◆ EXERCISE BRIEF:
Lines with the word "last" are the answer; copy each of them from the data below.

◆ RECORDS SUPPLIED:
(* Let $\sigma$ be a sequence of $n$ integers and let $P_1,\dots,P_{\mathsf{lis}(\sigma)}$ be the piles produced by the complete execution of Patience Sorting on $\sigma$. Given the pile $P_{i}$ stored explicitly (for some $i\ge 0$) and an index $j$ with $i < j \le \mathsf{lis}(\sigma)$, the pile $P_{j}$ can be computed in $O(n \log n)$ time using $O((|P_{i}| + |P_{j}| + j-i) \log n)$ bits of working space.
   Context: Patience Sorting on $\sigma=\langle\sigma(1),\dots,\sigma(n)\rangle$ (repetitions allowed): piles are stacks, $\mathtt{top}(P)$ is the most recently pushed element. Initially $\ell=0$ and a dummy pile $P_0$ contains only $-\infty$. For $x=1,\dots,n$: if $\sigma(x)>\mathtt{top}(P_\ell)$, increment $\ell$ and push $\sigma(x)$ onto a new pile $P_\ell$; otherwise push $\sigma(x)$ onto $P_h$ for the smallest $h$ with $\sigma(x)\le \mathtt{top}(P_h)$. Each element is regarded together with its index in $\sigma$; computing a pile means producing its elements (with indices) in push order. The final number of piles equals $\mathsf{lis}(\sigma)$, the length of a longest increasing subsequence. Computational model: RAM with read-only input and space measured in bits of read-write working memory. *)

theory Defs
  imports Complex_Main
begin

text \<open>The input sequence sigma is an int list; position x (1-based, as in the paper)
  holds sigma ! (x - 1).  A pile is represented by the list of indices of its elements
  in push order (the element with index x is sigma(x)); the top of a pile is its last entry.
  The piles P_1, P_2, ... are the entries 0, 1, ... of the pile list.  The dummy pile P_0
  (containing only minus infinity) is never pushed onto, so it is left implicit.\<close>

definition sval :: "int list \<Rightarrow> nat \<Rightarrow> int" where
  "sval \<sigma> x = \<sigma> ! (x - 1)"

definition ps_step :: "int list \<Rightarrow> nat list list \<Rightarrow> nat \<Rightarrow> nat list list" where
  "ps_step \<sigma> Ps x =
     (if Ps = [] \<or> sval \<sigma> x > sval \<sigma> (last (last Ps))
      then Ps @ [[x]]
      else (let h = (LEAST h. h < length Ps \<and> sval \<sigma> x \<le> sval \<sigma> (last (Ps ! h)))
            in Ps[h := (Ps ! h) @ [x]]))"

definition piles :: "int list \<Rightarrow> nat list list" where
  "piles \<sigma> = foldl (ps_step \<sigma>) [] [1..<Suc (length \<sigma>)]"

text \<open>Pile P_j (j \<ge> 1) as list of indices in push order; P_0 is the dummy pile, whose only
  element is minus infinity, which carries no input index: we represent it by [].\<close>
definition pile :: "int list \<Rightarrow> nat \<Rightarrow> nat list" where
  "pile \<sigma> j = (if j = 0 then [] else piles \<sigma> ! (j - 1))"

text \<open>There are two read-only inputs: the sequence sigma (accessed by comparing
  the elements at two positions) and an auxiliary read-only array A holding the parameters
  i, j followed by the index list of the explicitly stored pile P_i.  Output is a write-only
  stream of numbers (here: the indices of the elements of the computed pile, in push order).\<close>

definition word_size :: "nat \<Rightarrow> nat" where
  "word_size n = nat \<lceil>log 2 (real n + 2)\<rceil> + 1"

datatype instr =
    Const nat nat
  | Add nat nat nat
  | Sub nat nat nat
  | Mul nat nat nat
  | Div nat nat nat
  | Less nat nat nat
  | Load nat nat
  | Store nat nat
  | InLen nat
  | CmpIn nat nat nat
  | AuxLen nat
  | AuxRead nat nat
  | Jz nat nat
  | Jmp nat
  | Out nat
  | Halt

type_synonym config = "nat \<times> (nat \<Rightarrow> nat) \<times> nat list"

definition halted :: "instr list \<Rightarrow> config \<Rightarrow> bool" where
  "halted P c = (fst c \<ge> length P \<or> P ! fst c = Halt)"

fun exec :: "nat \<Rightarrow> int list \<Rightarrow> nat list \<Rightarrow> instr \<Rightarrow> config \<Rightarrow> config" where
  "exec w \<sigma> A (Const r k) (pc, M, out) = (Suc pc, M(r := k mod 2^w), out)"
| "exec w \<sigma> A (Add r a b) (pc, M, out) = (Suc pc, M(r := (M a + M b) mod 2^w), out)"
| "exec w \<sigma> A (Sub r a b) (pc, M, out) = (Suc pc, M(r := M a - M b), out)"
| "exec w \<sigma> A (Mul r a b) (pc, M, out) = (Suc pc, M(r := (M a * M b) mod 2^w), out)"
| "exec w \<sigma> A (Div r a b) (pc, M, out) = (Suc pc, M(r := M a div M b), out)"
| "exec w \<sigma> A (Less r a b) (pc, M, out) = (Suc pc, M(r := (if M a < M b then 1 else 0)), out)"
| "exec w \<sigma> A (Load r a) (pc, M, out) = (Suc pc, M(r := M (M a)), out)"
| "exec w \<sigma> A (Store r a) (pc, M, out) = (Suc pc, M(M a := M r), out)"
| "exec w \<sigma> A (InLen r) (pc, M, out) = (Suc pc, M(r := length \<sigma> mod 2^w), out)"
| "exec w \<sigma> A (CmpIn r a b) (pc, M, out) =
     (Suc pc, M(r := (if 1 \<le> M a \<and> M a \<le> length \<sigma> \<and> 1 \<le> M b \<and> M b \<le> length \<sigma>
                         \<and> sval \<sigma> (M a) \<le> sval \<sigma> (M b) then 1 else 0)), out)"
| "exec w \<sigma> A (AuxLen r) (pc, M, out) = (Suc pc, M(r := length A mod 2^w), out)"
| "exec w \<sigma> A (AuxRead r a) (pc, M, out) =
     (Suc pc, M(r := (if M a < length A then A ! (M a) mod 2^w else 0)), out)"
| "exec w \<sigma> A (Jz r t) (pc, M, out) = ((if M r = 0 then t else Suc pc), M, out)"
| "exec w \<sigma> A (Jmp t) (pc, M, out) = (t, M, out)"
| "exec w \<sigma> A (Out r) (pc, M, out) = (Suc pc, M, out @ [M r])"
| "exec w \<sigma> A Halt c = c"

definition step :: "instr list \<Rightarrow> int list \<Rightarrow> nat list \<Rightarrow> config \<Rightarrow> config" where
  "step P \<sigma> A c = (if halted P c then c else exec (word_size (length \<sigma>)) \<sigma> A (P ! fst c) c)"

definition init_config :: config where
  "init_config = (0, (\<lambda>_. 0), [])"

definition conf :: "instr list \<Rightarrow> int list \<Rightarrow> nat list \<Rightarrow> nat \<Rightarrow> config" where
  "conf P \<sigma> A t = (step P \<sigma> A ^^ t) init_config"

definition space :: "nat \<Rightarrow> config \<Rightarrow> nat" where
  "space n c = word_size n * (LEAST k. \<forall>r\<ge>k. fst (snd c) r = 0)"

definition out_of :: "config \<Rightarrow> nat list" where
  "out_of c = snd (snd c)"

end

theory Submission
  imports Defs "HOL-Library.Discrete_Functions"
begin

(* The piles P_(i+1), ..., P_j form a contiguous block, so their tops are exactly the entries of
   positions i+1..j of the usual array of pile tops, which is increasing. Scanning sigma once,
   the algorithm keeps only this window of j - i tops in working memory. An element x lands
   below P_(i+1) exactly when it is the next unread element of the stored pile P_i or is not
   larger than the current top of P_i (both decided from P_i alone); otherwise it lands in the
   window at the position found by binary search, or to the right of it. Each element thus
   costs O(log n) steps, and the window together with a constant number of registers needs
   O((j - i) log n) bits. *)

definition piles_after :: "int list \<Rightarrow> nat \<Rightarrow> nat list list" where
  "piles_after \<sigma> t = foldl (ps_step \<sigma>) [] [1..<Suc t]"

◆ TASK RESPONSE:
  in push order (the element with index x is sigma(x)); the top of a pile is its last entry.
     (if Ps = [] \<or> sval \<sigma> x > sval \<sigma> (last (last Ps))
      else (let h = (LEAST h. h < length Ps \<and> sval \<sigma> x \<le> sval \<sigma> (last (Ps ! h)))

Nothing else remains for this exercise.